Милка как в воду глядела. Клавдия, конечно, сразу все узнала. Кто-то из шоферов проговорился жене, но и, конечно, весь Култук в очередной раз оживился. Клавдия молчала какое-то время, молчал и он, перейдя ночевать в столярку. По первым снегам она пришла к нему ночью. А через девять месяцев принесла Пашку. Как две капли воды похожего на Милку, только в мужском исполнении. Пашу из всех своих детей Клавдия больше всех и любит. Последыша. Как старики по селу говорят – последыши-запердыши.
Где он сейчас?! Сын! Отрочатко! Павел! О господи-Господи, нечаянный, забалованный! А вот поди ж ты, ему и досталось. Только-только на свет вылупился. Ночью с Клавдией проснутся – и оба молчат, молчат… Георгий встанет, уйдет в столярку. Она за ним. Так за друг дружкою и ходят. И куда она сейчас без него? С ее ногами. К вечеру уж и не передвигает их. «Ах ты, Пашка-Пашка! Ах, Пашка, сынок! Что ж ты молчишь, отрочатко ты наше, надеждушка?»
* * *
Шофер попался молодой, веселый, трепался складно и весь лоснился здоровой мужицкой жадностью и жизнелюбием. На новорусского он не тянул по машинешке и по обивке ее, да и не остановился бы перед нею новорусский – не интердевочка, но по обложившим его ярко выраженную плоть жирам и довольствию на молодом лице было видно, что мужик совсем не бедствует и по нынешним временам. «Тьфу, тьфу, тьфу», – про себя отогнала левого Милка, она верила в приметы, и какой человек начнет торговый путь, такая должна быть торговля, так думала она. Когда-то же должно повезти, легчала она от сочно улыбающегося рта попутчика. Долгов немеряно! Иной раз просыпается в поту от мысли: чем все это кончится? Рыжая эта, друг называется!

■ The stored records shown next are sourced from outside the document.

(* In the setting below, let $(x_f,y_f,\theta_f)$ be any goal pose. Consider a $4\pi$-arc $LSL$ path reaching this goal pose whose travel time is minimal among all $4\pi$-arc $LSL$ paths reaching it. It satisfies $\alpha+\gamma<4\pi$. The same holds for $RSR$: a $4\pi$-arc $RSR$ path reaching the goal pose whose travel time is minimal among all $4\pi$-arc $RSR$ paths reaching it satisfies $\alpha+\gamma<4\pi$.
   Context: Setting: a vehicle moves in the plane at unit speed with minimum turning radius $r>0$, in a steady current $(w_x,w_y)$ with speed $v_w=\sqrt{w_x^2+w_y^2}\in(0,1)$. The start pose is $(0,0,0)$ and the goal pose is $(x_f,y_f,\theta_f)$ with $\theta_f\in[0,2\pi)$. An $LSL$ path has parameters $(\alpha,\beta,\gamma)$ with $\alpha,\gamma\ge0$ and $\beta\ge0$: a left arc of angle $\alpha$ of radius $r$, a straight segment of length $\beta$, and a left arc of angle $\gamma$, in the frame moving with the current. Its travel time is $T=r(\alpha+\gamma)+\beta$. It reaches the goal iff for some $k\in\mathbb{Z}$: $\alpha+\gamma=2k\pi+\theta_f$, $x_f-w_xT=r\sin\theta_f+\beta\cos\alpha$, and $y_f-w_yT=r(1-\cos\theta_f)+\beta\sin\alpha$. An $RSR$ path is the analogous path with right arcs, with $T=r(\alpha+\gamma)+\beta$. It reaches the goal iff for some $k\in\mathbb{Z}$: $-\alpha-\gamma=2k\pi+\theta_f$, $x_f-w_xT=-r\sin\theta_f+\beta\cos\alpha$, and $y_f-w_yT=-r(1-\cos\theta_f)-\beta\sin\alpha$. A path is a $4\pi$-arc path if $\alpha,\gamma\in[0,4\pi)$. *)

theory Defs
  imports Complex_Main
begin

definition travel_time :: "real \<Rightarrow> real \<Rightarrow> real \<Rightarrow> real \<Rightarrow> real" where
  "travel_time r \<alpha> \<beta> \<gamma> = r * (\<alpha> + \<gamma>) + \<beta>"

text \<open>The LSL path (alpha, beta, gamma) reaches the goal (xf, yf, thf) in current (wx, wy).\<close>
definition lsl_reaches :: "real \<Rightarrow> real \<Rightarrow> real \<Rightarrow> real \<Rightarrow> real \<Rightarrow> real \<Rightarrow> real \<Rightarrow> real \<Rightarrow> real \<Rightarrow> bool" where
  "lsl_reaches r wx wy xf yf thf \<alpha> \<beta> \<gamma> \<longleftrightarrow>
     \<alpha> \<ge> 0 \<and> \<beta> \<ge> 0 \<and> \<gamma> \<ge> 0 \<and>
     (\<exists>k::int. \<alpha> + \<gamma> = 2 * of_int k * pi + thf \<and>
        xf - wx * travel_time r \<alpha> \<beta> \<gamma> = r * sin thf + \<beta> * cos \<alpha> \<and>
        yf - wy * travel_time r \<alpha> \<beta> \<gamma> = r * (1 - cos thf) + \<beta> * sin \<alpha>)"

definition rsr_reaches :: "real \<Rightarrow> real \<Rightarrow> real \<Rightarrow> real \<Rightarrow> real \<Rightarrow> real \<Rightarrow> real \<Rightarrow> real \<Rightarrow> real \<Rightarrow> bool" where
  "rsr_reaches r wx wy xf yf thf \<alpha> \<beta> \<gamma> \<longleftrightarrow>
     \<alpha> \<ge> 0 \<and> \<beta> \<ge> 0 \<and> \<gamma> \<ge> 0 \<and>
     (\<exists>k::int. - \<alpha> - \<gamma> = 2 * of_int k * pi + thf \<and>
        xf - wx * travel_time r \<alpha> \<beta> \<gamma> = - r * sin thf + \<beta> * cos \<alpha> \<and>
        yf - wy * travel_time r \<alpha> \<beta> \<gamma> = - r * (1 - cos thf) - \<beta> * sin \<alpha>)"

definition four_pi_arc :: "real \<Rightarrow> real \<Rightarrow> bool" where
  "four_pi_arc \<alpha> \<gamma> \<longleftrightarrow> \<alpha> \<in> {0..<4*pi} \<and> \<gamma> \<in> {0..<4*pi}"

end

theory Submission
  imports Defs
begin

text \<open>
  If a 4\<pi>-arc LSL path turns through \<open>\<alpha> + \<gamma> \<ge> 4\<pi>\<close> in total, it contains a superfluous
  full loop. Simply dropping 2\<pi> of turning does not give a path, because the goal drifts with
  the current during the time saved. But the straight segment needed to reach the goal at time
  \<open>t\<close> is the distance between the initial and the final turning circle, a continuous function of
  \<open>t\<close>, so the intermediate value theorem yields an arrival time \<open>T' < T\<close> at which a straight
  segment fits exactly with total turning \<open>\<alpha> + \<gamma> - 2\<pi>\<close>: a strictly faster 4\<pi>-arc LSL path.
  RSR paths are LSL paths to the goal reflected in the x-axis.
\<close>

text \<open>In the frame moving with the current the goal reached at time \<open>t\<close> sits at
  \<open>(xf - wx t, yf - wy t)\<close>; this is the distance from the centre \<open>(0, r)\<close> of the initial left
  turning circle to the centre of the final one.\<close>
definition lsl_chord :: "real \<Rightarrow> real \<Rightarrow> real \<Rightarrow> real \<Rightarrow> real \<Rightarrow> real \<Rightarrow> real \<Rightarrow> real" where
  "lsl_chord r wx wy xf yf thf t =
     sqrt ((xf - wx * t - r * sin thf)\<^sup>2 + (yf - wy * t - r * (1 - cos thf))\<^sup>2)"

lemma continuous_on_lsl_chord: "continuous_on S (lsl_chord r wx wy xf yf thf)"
  unfolding lsl_chord_def by (intro continuous_intros)

lemma polar_angle_exists:
  fixes a b :: real
  obtains t where "0 \<le> t" "t < 2 * pi"
    "sqrt (a\<^sup>2 + b\<^sup>2) * cos t = a" "sqrt (a\<^sup>2 + b\<^sup>2) * sin t = b"
proof (cases "a = 0 \<and> b = 0")
  case True
  then show ?thesis using that[of 0] by simp
next
  case False
  define n where "n = sqrt (a\<^sup>2 + b\<^sup>2)"
  have n_pos: "n > 0"
    using False by (simp add: n_def sum_power2_gt_zero_iff)
  have "(a / n)\<^sup>2 + (b / n)\<^sup>2 = 1"
    using False n_pos
    by (simp add: n_def power_divide add_divide_distrib [symmetric] sum_power2_gt_zero_iff)
  then obtain t where "0 \<le> t" "t < 2 * pi" "a / n = cos t" "b / n = sin t"
    by (rule sincos_total_2pi)
  with n_pos show ?thesis
    using that unfolding n_def [symmetric] by (simp add: field_simps)
qed

lemma IVT_id_minus_nonneg:
  fixes h :: "real \<Rightarrow> real"
  assumes "continuous_on UNIV h" "\<And>t. 0 \<le> h t" "S < T - h T"
  obtains T' where "S \<le> T'" "T' < T" "T' - h T' = S"
proof -
  have "S \<le> T" using assms(2)[of T] assms(3) by linarith
  moreover have "S - h S \<le> S" using assms(2) by simp
  moreover have "continuous_on {S..T} (\<lambda>t. t - h t)"
    using assms(1) by (intro continuous_intros) (auto intro: continuous_on_subset)
  ultimately obtain T' where "S \<le> T'" "T' \<le> T" and T'_eq: "T' - h T' = S"
    using IVT'[of "\<lambda>t. t - h t" S S T] assms(3) by auto
  moreover from T'_eq assms(3) have "T' \<noteq> T" by auto
  ultimately show ?thesis using that by simp
qed

lemma lsl_reaches_chord:
  assumes "lsl_reaches r wx wy xf yf thf \<alpha> \<beta> \<gamma>"
  shows "\<beta> = lsl_chord r wx wy xf yf thf (travel_time r \<alpha> \<beta> \<gamma>)"
proof -
  have "\<beta> \<ge> 0" using assms by (simp add: lsl_reaches_def)
  moreover have "lsl_chord r wx wy xf yf thf (travel_time r \<alpha> \<beta> \<gamma>) =
      sqrt ((\<beta> * cos \<alpha>)\<^sup>2 + (\<beta> * sin \<alpha>)\<^sup>2)"
    using assms by (auto simp: lsl_reaches_def lsl_chord_def algebra_simps)
  moreover have "(\<beta> * cos \<alpha>)\<^sup>2 + (\<beta> * sin \<alpha>)\<^sup>2 = \<beta>\<^sup>2"
    by (simp add: power_mult_distrib flip: distrib_left)
  ultimately show ?thesis by simp
qed

lemma lsl_path_with_travel_time:
  assumes "A = 2 * of_int k * pi + thf" "2 * pi \<le> A" "A < 6 * pi"
    and "T - lsl_chord r wx wy xf yf thf T = r * A"
  obtains \<alpha> \<beta> \<gamma> where "lsl_reaches r wx wy xf yf thf \<alpha> \<beta> \<gamma>" "four_pi_arc \<alpha> \<gamma>"
    "travel_time r \<alpha> \<beta> \<gamma> = T"
proof -
  define \<beta> where "\<beta> = lsl_chord r wx wy xf yf thf T"
  obtain a where a: "0 \<le> a" "a < 2 * pi"
    "\<beta> * cos a = xf - wx * T - r * sin thf" "\<beta> * sin a = yf - wy * T - r * (1 - cos thf)"
    unfolding \<beta>_def lsl_chord_def by (rule polar_angle_exists)
  define \<alpha> where "\<alpha> = (if A < 4 * pi then a else a + 2 * pi)"
  define \<gamma> where "\<gamma> = A - \<alpha>"
  have "cos \<alpha> = cos a" "sin \<alpha> = sin a" by (simp_all add: \<alpha>_def)
  moreover have "0 \<le> \<beta>" by (simp add: \<beta>_def lsl_chord_def)
  moreover have "travel_time r \<alpha> \<beta> \<gamma> = T"
    using assms(4) by (simp add: travel_time_def \<beta>_def \<gamma>_def)
  moreover have "0 \<le> \<alpha>" "\<alpha> < 4 * pi" "0 \<le> \<gamma>" "\<gamma> < 4 * pi"
    using a assms(2,3) by (auto simp: \<alpha>_def \<gamma>_def)
  ultimately show ?thesis
    using that[of \<alpha> \<beta> \<gamma>] a assms(1) by (auto simp: lsl_reaches_def four_pi_arc_def \<gamma>_def)
qed

lemma lsl_remove_full_turn:
  assumes "r > 0" and reach: "lsl_reaches r wx wy xf yf thf \<alpha> \<beta> \<gamma>"
    and "four_pi_arc \<alpha> \<gamma>" and "4 * pi \<le> \<alpha> + \<gamma>"
  obtains \<alpha>' \<beta>' \<gamma>' where "lsl_reaches r wx wy xf yf thf \<alpha>' \<beta>' \<gamma>'" "four_pi_arc \<alpha>' \<gamma>'"
    "travel_time r \<alpha>' \<beta>' \<gamma>' < travel_time r \<alpha> \<beta> \<gamma>"
proof -
  define T where "T = travel_time r \<alpha> \<beta> \<gamma>"
  define A where "A = \<alpha> + \<gamma> - 2 * pi"
  obtain k where k: "\<alpha> + \<gamma> = 2 * of_int k * pi + thf"
    using reach by (auto simp: lsl_reaches_def)
  have "T - lsl_chord r wx wy xf yf thf T = r * (\<alpha> + \<gamma>)"
    using lsl_reaches_chord[OF reach] by (simp add: T_def travel_time_def)
  then have "r * A < T - lsl_chord r wx wy xf yf thf T"
    using \<open>r > 0\<close> by (simp add: A_def algebra_simps)
  moreover have "\<And>t. 0 \<le> lsl_chord r wx wy xf yf thf t"
    by (simp add: lsl_chord_def)
  ultimately obtain T' where "T' < T" "T' - lsl_chord r wx wy xf yf thf T' = r * A"
    using IVT_id_minus_nonneg[OF continuous_on_lsl_chord] by metis
  moreover have "A = 2 * of_int (k - 1) * pi + thf"
    using k by (simp add: A_def algebra_simps)
  moreover have "2 * pi \<le> A" "A < 6 * pi"
    using assms(3,4) by (auto simp: A_def four_pi_arc_def)
  ultimately show ?thesis
    using that lsl_path_with_travel_time unfolding T_def by metis
qed

lemma lsl_time_minimal_imp_arc_sum_lt_4pi:
  assumes "r > 0" "lsl_reaches r wx wy xf yf thf \<alpha> \<beta> \<gamma>" "four_pi_arc \<alpha> \<gamma>"
    and "\<And>\<alpha>' \<beta>' \<gamma>'. lsl_reaches r wx wy xf yf thf \<alpha>' \<beta>' \<gamma>' \<Longrightarrow> four_pi_arc \<alpha>' \<gamma>' \<Longrightarrow>
           travel_time r \<alpha> \<beta> \<gamma> \<le> travel_time r \<alpha>' \<beta>' \<gamma>'"
  shows "\<alpha> + \<gamma> < 4 * pi"
proof (rule ccontr)
  assume "\<not> \<alpha> + \<gamma> < 4 * pi"
  then obtain \<alpha>' \<beta>' \<gamma>'
    where "lsl_reaches r wx wy xf yf thf \<alpha>' \<beta>' \<gamma>'" "four_pi_arc \<alpha>' \<gamma>'"
      and "travel_time r \<alpha>' \<beta>' \<gamma>' < travel_time r \<alpha> \<beta> \<gamma>"
    using lsl_remove_full_turn assms(1-3) by (metis not_less)
  with assms(4) show False by (meson not_less)
qed

lemma rsr_reaches_iff_lsl_reaches_reflected:
  "rsr_reaches r wx wy xf yf thf \<alpha> \<beta> \<gamma> \<longleftrightarrow> lsl_reaches r wx (- wy) xf (- yf) (- thf) \<alpha> \<beta> \<gamma>"
proof -
  have "- \<alpha> - \<gamma> = 2 * of_int k * pi + thf \<longleftrightarrow> \<alpha> + \<gamma> = 2 * of_int (- k) * pi - thf"
    for k :: int
    by (auto simp: algebra_simps)
  then have "(\<exists>k::int. - \<alpha> - \<gamma> = 2 * of_int k * pi + thf) \<longleftrightarrow>
        (\<exists>k::int. \<alpha> + \<gamma> = 2 * of_int k * pi - thf)"
    by (metis minus_minus)
  then show ?thesis
    by (auto simp: rsr_reaches_def lsl_reaches_def algebra_simps)
qed

theorem corollary2:
  fixes r wx wy xf yf thf :: real
  assumes "r > 0"
    and "0 < sqrt (wx^2 + wy^2)" and "sqrt (wx^2 + wy^2) < 1"
    and "0 \<le> thf" and "thf < 2 * pi"
  shows "(\<forall>\<alpha> \<beta> \<gamma>. lsl_reaches r wx wy xf yf thf \<alpha> \<beta> \<gamma> \<and> four_pi_arc \<alpha> \<gamma> \<and>
            (\<forall>\<alpha>' \<beta>' \<gamma>'. lsl_reaches r wx wy xf yf thf \<alpha>' \<beta>' \<gamma>' \<and> four_pi_arc \<alpha>' \<gamma>' \<longrightarrow>
                travel_time r \<alpha> \<beta> \<gamma> \<le> travel_time r \<alpha>' \<beta>' \<gamma>')
          \<longrightarrow> \<alpha> + \<gamma> < 4 * pi)
       \<and> (\<forall>\<alpha> \<beta> \<gamma>. rsr_reaches r wx wy xf yf thf \<alpha> \<beta> \<gamma> \<and> four_pi_arc \<alpha> \<gamma> \<and>
            (\<forall>\<alpha>' \<beta>' \<gamma>'. rsr_reaches r wx wy xf yf thf \<alpha>' \<beta>' \<gamma>' \<and> four_pi_arc \<alpha>' \<gamma>' \<longrightarrow>
                travel_time r \<alpha> \<beta> \<gamma> \<le> travel_time r \<alpha>' \<beta>' \<gamma>')
          \<longrightarrow> \<alpha> + \<gamma> < 4 * pi)"
  using lsl_time_minimal_imp_arc_sum_lt_4pi[OF assms(1), of wx wy xf yf thf]
    lsl_time_minimal_imp_arc_sum_lt_4pi[OF assms(1), of wx "- wy" xf "- yf" "- thf"]
  unfolding rsr_reaches_iff_lsl_reaches_reflected by blast

end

«Иди, Милка, к Маринке, иди к Маринке, зовет тебя. Хоть копейка водиться будет. Дом поправишь, Тольку вылечишь».
Вылечила. Их, алкашей, могила исправит. Как горбачей… И за что все на нее? Только на нее.
– Ты что ж, из новорусских, что ли, – спросила она мужика, – дела проворачивашь?
– Проворачиваю. Такие дела, что шкура лезет. Куда деваться.
– А машинешька-то че-то неважная. Они же любят лимузины.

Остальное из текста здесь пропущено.